(* Consider the single-sensor system $x_{k+1}=Ax_k+w_k$, $y_k=Cx_k+v_k$ ($w_k,v_k$ independent zero-mean Gaussian with covariances $Q,R$), $(A,C)$ detectable, $(A,Q^{1/2})$ stabilizable, with the local Kalman filter in steady state with filtered error covariance $\bar P$. Let $f(X)=AXA^T+Q$, $\mathcal{S}=\{f^n(\bar P):n\ge0\}$, $p,q\in[0,1]$, $E\ge0$, $\beta\in(0,1)$, $K\ge1$, and for $\gamma\in\{0,1\}$ let $c(\gamma)=\gamma(1-p)+(1-\gamma)q$. Define $J_k:\mathcal{S}\times\{0,1\}\to\mathbb{R}$ by $J_{K+1}\equiv0$ and, for $k=K,\dots,1$, $$J_k(P,\gamma)=\min_{\nu\in\{0,1\}}\Big\{\beta\big[\nu c(\gamma)\mathrm{tr}\bar P+(1-\nu c(\gamma))\mathrm{tr}f(P)\big]+(1-\beta)\nu E+\nu c(\gamma)J_{k+1}(\bar P,1)+(1-\nu c(\gamma))J_{k+1}(f(P),0)\Big\},$$ and for $k=1,\dots,K$, $\nu\in\{0,1\}$: $L_k^1(P,\nu)=\beta[\nu(1-p)\mathrm{tr}\bar P+(1-\nu(1-p))\mathrm{tr}f(P)]+(1-\beta)\nu E+\nu(1-p)J_{k+1}(\bar P,1)+(1-\nu(1-p))J_{k+1}(f(P),0)$, $L_k^0(P,\nu)=\beta[\nu q\,\mathrm{tr}\bar P+(1-\nu q)\mathrm{tr}f(P)]+(1-\beta)\nu E+\nu qJ_{k+1}(\bar P,1)+(1-\nu q)J_{k+1}(f(P),0)$. Then $P\mapsto L_k^1(P,1)-L_k^1(P,0)$ and $P\mapsto L_k^0(P,1)-L_k^0(P,0)$ are decreasing functions on $\mathcal{S}$.
   Context: For symmetric matrices, $X\le Y$ means $Y-X$ is positive semidefinite; a function $F$ on $\mathcal{S}$ is decreasing if $X\le Y\Rightarrow F(X)\ge F(Y)$. The setting models Markovian packet drops with $p=\mathbb{P}(\gamma_k=0\mid\gamma_{k-1}=1)$ and $q=\mathbb{P}(\gamma_k=1\mid\gamma_{k-1}=0)$. *)

theory Defs
  imports "HOL-Analysis.Analysis"
begin


primrec matpow :: "real^'n^'n \<Rightarrow> nat \<Rightarrow> real^'n^'n" where
  "matpow M 0 = mat 1"
| "matpow M (Suc k) = M ** matpow M k"

definition symmetric_mat :: "real^'n^'n \<Rightarrow> bool" where
  "symmetric_mat M \<longleftrightarrow> transpose M = M"

definition psd :: "real^'n^'n \<Rightarrow> bool" where
  "psd M \<longleftrightarrow> symmetric_mat M \<and> (\<forall>x. 0 \<le> x \<bullet> (M *v x))"

definition pd :: "real^'n^'n \<Rightarrow> bool" where
  "pd M \<longleftrightarrow> symmetric_mat M \<and> (\<forall>x. x \<noteq> 0 \<longrightarrow> 0 < x \<bullet> (M *v x))"

definition loewner_le :: "real^'n^'n \<Rightarrow> real^'n^'n \<Rightarrow> bool" where
  "loewner_le X Y \<longleftrightarrow> psd (Y - X)"

text \<open>Schur stability: powers converge to zero (all eigenvalues inside the unit disk).\<close>
definition schur_stable :: "real^'n^'n \<Rightarrow> bool" where
  "schur_stable M \<longleftrightarrow> (matpow M \<longlonglongrightarrow> 0)"

definition detectable :: "real^'n^'n \<Rightarrow> real^'n^'m \<Rightarrow> bool" where
  "detectable A C \<longleftrightarrow> (\<exists>L :: real^'m^'n. schur_stable (A + L ** C))"

definition stabilizable :: "real^'n^'n \<Rightarrow> real^'m^'n \<Rightarrow> bool" where
  "stabilizable A B \<longleftrightarrow> (\<exists>K :: real^'n^'m. schur_stable (A + B ** K))"

definition is_psd_sqrt :: "real^'n^'n \<Rightarrow> real^'n^'n \<Rightarrow> bool" where
  "is_psd_sqrt S Q \<longleftrightarrow> psd S \<and> S ** S = Q"

definition lyap :: "real^'n^'n \<Rightarrow> real^'n^'n \<Rightarrow> real^'n^'n \<Rightarrow> real^'n^'n" where
  "lyap A Q X = A ** X ** transpose A + Q"

text \<open>Steady-state filtered error covariance of the Kalman filter: Pbar is obtained by a
  measurement update from the prior covariance Pm = f(Pbar), where Pm is a PSD solution of
  the discrete algebraic Riccati equation.\<close>
definition kalman_steady_filtered ::
  "real^'n^'n \<Rightarrow> real^'n^'m \<Rightarrow> real^'n^'n \<Rightarrow> real^'m^'m \<Rightarrow> real^'n^'n \<Rightarrow> bool" where
  "kalman_steady_filtered A C Q R Pbar \<longleftrightarrow>
     (let Pm = lyap A Q Pbar in
        psd Pm \<and>
        Pbar = Pm - Pm ** transpose C ** matrix_inv (C ** Pm ** transpose C + R) ** C ** Pm)"

definition stage_cost ::
  "real \<Rightarrow> real \<Rightarrow> real^'n^'n \<Rightarrow> (real^'n^'n \<Rightarrow> real^'n^'n)
   \<Rightarrow> (real^'n^'n \<Rightarrow> bool \<Rightarrow> real) \<Rightarrow> real^'n^'n \<Rightarrow> real \<Rightarrow> real \<Rightarrow> real" where
  "stage_cost \<beta> E Pbar f Jn P \<nu> c =
     \<beta> * (\<nu> * c * trace Pbar + (1 - \<nu> * c) * trace (f P)) + (1 - \<beta>) * \<nu> * E
     + \<nu> * c * Jn Pbar True + (1 - \<nu> * c) * Jn (f P) False"

text \<open>c(gamma) = gamma (1-p) + (1-gamma) q, with gamma in {0,1} encoded as bool.\<close>
definition arr :: "real \<Rightarrow> real \<Rightarrow> bool \<Rightarrow> real" where
  "arr p q \<gamma> = of_bool \<gamma> * (1 - p) + (1 - of_bool \<gamma>) * q"

text \<open>Backward recursion indexed by the number m of remaining stages:
  Jrem 0 = J_{K+1} = 0, and Jrem (Suc m) = J_{K-m}.\<close>
fun Jrem ::
  "real \<Rightarrow> real \<Rightarrow> real \<Rightarrow> real \<Rightarrow> real^'n^'n \<Rightarrow> (real^'n^'n \<Rightarrow> real^'n^'n)
   \<Rightarrow> nat \<Rightarrow> real^'n^'n \<Rightarrow> bool \<Rightarrow> real" where
  "Jrem p q \<beta> E Pbar f 0 P \<gamma> = 0"
| "Jrem p q \<beta> E Pbar f (Suc m) P \<gamma> =
     min (stage_cost \<beta> E Pbar f (Jrem p q \<beta> E Pbar f m) P 0 (arr p q \<gamma>))
         (stage_cost \<beta> E Pbar f (Jrem p q \<beta> E Pbar f m) P 1 (arr p q \<gamma>))"

definition Jfun ::
  "real \<Rightarrow> real \<Rightarrow> real \<Rightarrow> real \<Rightarrow> real^'n^'n \<Rightarrow> (real^'n^'n \<Rightarrow> real^'n^'n)
   \<Rightarrow> nat \<Rightarrow> nat \<Rightarrow> real^'n^'n \<Rightarrow> bool \<Rightarrow> real" where
  "Jfun p q \<beta> E Pbar f K k = Jrem p q \<beta> E Pbar f (K + 1 - k)"

definition L1 where
  "L1 p q \<beta> E Pbar f K k P \<nu> = stage_cost \<beta> E Pbar f (Jfun p q \<beta> E Pbar f K (k + 1)) P \<nu> (1 - p)"

definition L0 where
  "L0 p q \<beta> E Pbar f K k P \<nu> = stage_cost \<beta> E Pbar f (Jfun p q \<beta> E Pbar f K (k + 1)) P \<nu> q"

definition decreasing_on :: "(real^'n^'n) set \<Rightarrow> (real^'n^'n \<Rightarrow> real) \<Rightarrow> bool" where
  "decreasing_on S F \<longleftrightarrow> (\<forall>X\<in>S. \<forall>Y\<in>S. loewner_le X Y \<longrightarrow> F Y \<le> F X)"

end

theory Submission
  imports Defs
begin

text \<open>The Lyapunov map is monotone for the Loewner order, hence so is every value function
  \<open>J\<^sub>k(\<cdot>, \<gamma>)\<close> by backward induction. Transmitting (\<open>\<nu> = 1\<close>) instead of not
  transmitting changes the stage cost by a constant minus \<open>c \<cdot> (\<beta> tr f(P) + J\<^sub>k\<^sub>+\<^sub>1(f(P), 0))\<close>,
  and the subtracted term is increasing in \<open>P\<close> because \<open>c \<ge> 0\<close>.\<close>

lemma psd_congruence:
  fixes A :: "real^'n^'m" and D :: "real^'n^'n"
  assumes "psd D"
  shows "psd (A ** D ** transpose A)"
proof -
  have "transpose D = D"
    using assms by (simp add: psd_def symmetric_mat_def)
  then have "symmetric_mat (A ** D ** transpose A)"
    by (simp add: symmetric_mat_def matrix_transpose_mul matrix_mul_assoc)
  moreover have "0 \<le> x \<bullet> ((A ** D ** transpose A) *v x)" for x
  proof -
    have "x \<bullet> ((A ** D ** transpose A) *v x) = x \<bullet> (A *v (D *v (transpose A *v x)))"
      by (simp only: matrix_vector_mul_assoc matrix_mul_assoc)
    also have "\<dots> = (x v* A) \<bullet> (D *v (transpose A *v x))"
      by (rule dot_lmul_matrix[symmetric])
    also have "\<dots> = (transpose A *v x) \<bullet> (D *v (transpose A *v x))"
      by (simp add: transpose_matrix_vector)
    finally show ?thesis
      using assms by (simp add: psd_def)
  qed
  ultimately show ?thesis
    by (simp add: psd_def)
qed

lemma lyap_diff:
  fixes A Q X Y :: "real^'n^'n"
  shows "lyap A Q Y - lyap A Q X = A ** (Y - X) ** transpose A"
  by (simp add: lyap_def matrix_matrix_mult_def vec_eq_iff sum_subtractf algebra_simps)

lemma lyap_mono:
  fixes A Q X Y :: "real^'n^'n"
  assumes "loewner_le X Y"
  shows "loewner_le (lyap A Q X) (lyap A Q Y)"
  using assms by (simp add: loewner_le_def lyap_diff psd_congruence)

lemma psd_diag_nonneg:
  fixes D :: "real^'n^'n"
  assumes "psd D"
  shows "0 \<le> D $ i $ i"
proof -
  have "0 \<le> axis i 1 \<bullet> (D *v axis i 1)"
    using assms by (simp add: psd_def)
  also have "\<dots> = D $ i $ i"
    by (simp add: inner_axis' matrix_vector_mult_basis column_def)
  finally show ?thesis .
qed

lemma loewner_le_trace:
  fixes X Y :: "real^'n^'n"
  assumes "loewner_le X Y"
  shows "trace X \<le> trace Y"
proof -
  have "0 \<le> trace (Y - X)"
    using assms unfolding loewner_le_def trace_def by (intro sum_nonneg psd_diag_nonneg)
  then show ?thesis
    by (simp add: trace_sub)
qed

lemma arr_bounds:
  assumes "0 \<le> p" "p \<le> 1" "0 \<le> q" "q \<le> 1"
  shows "0 \<le> arr p q \<gamma>" "arr p q \<gamma> \<le> 1"
  using assms by (cases \<gamma>; simp add: arr_def)+

lemma stage_cost_eq:
  "stage_cost \<beta> E Pbar f Jn P \<nu> c =
     \<beta> * \<nu> * c * trace Pbar + (1 - \<beta>) * \<nu> * E + \<nu> * c * Jn Pbar True
     + (1 - \<nu> * c) * (\<beta> * trace (f P) + Jn (f P) False)"
  by (simp add: stage_cost_def algebra_simps)

lemma stage_cost_transmit_gain:
  "stage_cost \<beta> E Pbar f Jn P 1 c - stage_cost \<beta> E Pbar f Jn P 0 c =
     \<beta> * c * trace Pbar + (1 - \<beta>) * E + c * Jn Pbar True
     - c * (\<beta> * trace (f P) + Jn (f P) False)"
  by (simp add: stage_cost_eq algebra_simps)

lemma stage_cost_step_mono:
  fixes f :: "real^'n^'n \<Rightarrow> real^'n^'n"
  assumes f_mono: "loewner_le (f X) (f Y)"
    and Jn_mono: "\<And>X Y. loewner_le X Y \<Longrightarrow> Jn X False \<le> Jn Y False"
    and "0 \<le> \<beta>"
  shows "\<beta> * trace (f X) + Jn (f X) False \<le> \<beta> * trace (f Y) + Jn (f Y) False"
  using assms loewner_le_trace[OF f_mono] Jn_mono[OF f_mono]
  by (intro add_mono mult_left_mono) auto

lemma stage_cost_mono:
  fixes f :: "real^'n^'n \<Rightarrow> real^'n^'n"
  assumes "loewner_le (f X) (f Y)"
    and "\<And>X Y. loewner_le X Y \<Longrightarrow> Jn X False \<le> Jn Y False"
    and "0 \<le> \<beta>" "\<nu> * c \<le> 1"
  shows "stage_cost \<beta> E Pbar f Jn X \<nu> c \<le> stage_cost \<beta> E Pbar f Jn Y \<nu> c"
proof -
  have "\<beta> * trace (f X) + Jn (f X) False \<le> \<beta> * trace (f Y) + Jn (f Y) False"
    using assms(1-3) by (rule stage_cost_step_mono)
  then show ?thesis
    using assms(4) by (simp add: stage_cost_eq mult_left_mono)
qed

lemma Jrem_mono:
  fixes f :: "real^'n^'n \<Rightarrow> real^'n^'n"
  assumes f_mono: "\<And>X Y. loewner_le X Y \<Longrightarrow> loewner_le (f X) (f Y)"
    and "0 \<le> p" "p \<le> 1" "0 \<le> q" "q \<le> 1" "0 \<le> \<beta>"
    and "loewner_le X Y"
  shows "Jrem p q \<beta> E Pbar f m X \<gamma> \<le> Jrem p q \<beta> E Pbar f m Y \<gamma>"
  using assms(7)
proof (induction m arbitrary: X Y \<gamma>)
  case 0
  then show ?case by simp
next
  case (Suc m)
  have "stage_cost \<beta> E Pbar f (Jrem p q \<beta> E Pbar f m) X \<nu> (arr p q \<gamma>)
      \<le> stage_cost \<beta> E Pbar f (Jrem p q \<beta> E Pbar f m) Y \<nu> (arr p q \<gamma>)"
    if "\<nu> = 0 \<or> \<nu> = 1" for \<nu>
    using that arr_bounds[OF assms(2-5), of \<gamma>] Suc
    by (intro stage_cost_mono f_mono assms(6)) auto
  then show ?case
    by (simp add: min_le_iff_disj)
qed

lemma stage_cost_transmit_gain_decreasing:
  fixes f :: "real^'n^'n \<Rightarrow> real^'n^'n"
  assumes f_mono: "\<And>X Y. loewner_le X Y \<Longrightarrow> loewner_le (f X) (f Y)"
    and "0 \<le> p" "p \<le> 1" "0 \<le> q" "q \<le> 1" "0 \<le> \<beta>" "0 \<le> c"
  shows "decreasing_on S (\<lambda>P. stage_cost \<beta> E Pbar f (Jrem p q \<beta> E Pbar f m) P 1 c
                             - stage_cost \<beta> E Pbar f (Jrem p q \<beta> E Pbar f m) P 0 c)"
  unfolding decreasing_on_def stage_cost_transmit_gain
proof (intro ballI impI)
  fix X Y :: "real^'n^'n"
  assume "loewner_le X Y"
  then have "\<beta> * trace (f X) + Jrem p q \<beta> E Pbar f m (f X) False
      \<le> \<beta> * trace (f Y) + Jrem p q \<beta> E Pbar f m (f Y) False"
    using assms by (intro stage_cost_step_mono Jrem_mono f_mono) auto
  then show "\<beta> * c * trace Pbar + (1 - \<beta>) * E + c * Jrem p q \<beta> E Pbar f m Pbar True
        - c * (\<beta> * trace (f Y) + Jrem p q \<beta> E Pbar f m (f Y) False)
      \<le> \<beta> * c * trace Pbar + (1 - \<beta>) * E + c * Jrem p q \<beta> E Pbar f m Pbar True
        - c * (\<beta> * trace (f X) + Jrem p q \<beta> E Pbar f m (f X) False)"
    using mult_left_mono assms(7) by auto
qed

theorem lemma6:
  fixes A Q Pbar :: "real^'n^'n" and C :: "real^'n^'m" and R :: "real^'m^'m"
    and p q \<beta> E :: real and K k :: nat
  assumes "psd Q" and "pd R"
    and "detectable A C"
    and "\<exists>S. is_psd_sqrt S Q \<and> stabilizable A S"
    and "kalman_steady_filtered A C Q R Pbar"
    and "0 \<le> p" "p \<le> 1" "0 \<le> q" "q \<le> 1" "0 \<le> E" "0 < \<beta>" "\<beta> < 1"
    and "1 \<le> K" "1 \<le> k" "k \<le> K"
  shows "decreasing_on {(lyap A Q ^^ n) Pbar | n. True}
           (\<lambda>P. L1 p q \<beta> E Pbar (lyap A Q) K k P 1 - L1 p q \<beta> E Pbar (lyap A Q) K k P 0)
       \<and> decreasing_on {(lyap A Q ^^ n) Pbar | n. True}
           (\<lambda>P. L0 p q \<beta> E Pbar (lyap A Q) K k P 1 - L0 p q \<beta> E Pbar (lyap A Q) K k P 0)"
proof -
  have J_next: "Jfun p q \<beta> E Pbar (lyap A Q) K (k + 1) = Jrem p q \<beta> E Pbar (lyap A Q) (K - k)"
    by (simp add: Jfun_def)
  show ?thesis
    unfolding L1_def L0_def J_next
    using assms by (intro conjI stage_cost_transmit_gain_decreasing lyap_mono) auto
qed

end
○ ○ ○ ○
▶ [DIRECTIONS] Within the listing above, locate the line containing "0 \<or> \<nu>" and the line containing "and p q \<beta> E :: real and K k :: nat". Reproduce those two lines and all lines between them exactly, with nothing added.

▶ [SOLUTION TO THE PROBLEM]
    if "\<nu> = 0 \<or> \<nu> = 1" for \<nu>
    using that arr_bounds[OF assms(2-5), of \<gamma>] Suc
    by (intro stage_cost_mono f_mono assms(6)) auto
  then show ?case
    by (simp add: min_le_iff_disj)
qed

lemma stage_cost_transmit_gain_decreasing:
  fixes f :: "real^'n^'n \<Rightarrow> real^'n^'n"
  assumes f_mono: "\<And>X Y. loewner_le X Y \<Longrightarrow> loewner_le (f X) (f Y)"
    and "0 \<le> p" "p \<le> 1" "0 \<le> q" "q \<le> 1" "0 \<le> \<beta>" "0 \<le> c"
  shows "decreasing_on S (\<lambda>P. stage_cost \<beta> E Pbar f (Jrem p q \<beta> E Pbar f m) P 1 c
                             - stage_cost \<beta> E Pbar f (Jrem p q \<beta> E Pbar f m) P 0 c)"
  unfolding decreasing_on_def stage_cost_transmit_gain
proof (intro ballI impI)
  fix X Y :: "real^'n^'n"
  assume "loewner_le X Y"
  then have "\<beta> * trace (f X) + Jrem p q \<beta> E Pbar f m (f X) False
      \<le> \<beta> * trace (f Y) + Jrem p q \<beta> E Pbar f m (f Y) False"
    using assms by (intro stage_cost_step_mono Jrem_mono f_mono) auto
  then show "\<beta> * c * trace Pbar + (1 - \<beta>) * E + c * Jrem p q \<beta> E Pbar f m Pbar True
        - c * (\<beta> * trace (f Y) + Jrem p q \<beta> E Pbar f m (f Y) False)
      \<le> \<beta> * c * trace Pbar + (1 - \<beta>) * E + c * Jrem p q \<beta> E Pbar f m Pbar True
        - c * (\<beta> * trace (f X) + Jrem p q \<beta> E Pbar f m (f X) False)"
    using mult_left_mono assms(7) by auto
qed

theorem lemma6:
  fixes A Q Pbar :: "real^'n^'n" and C :: "real^'n^'m" and R :: "real^'m^'m"
    and p q \<beta> E :: real and K k :: nat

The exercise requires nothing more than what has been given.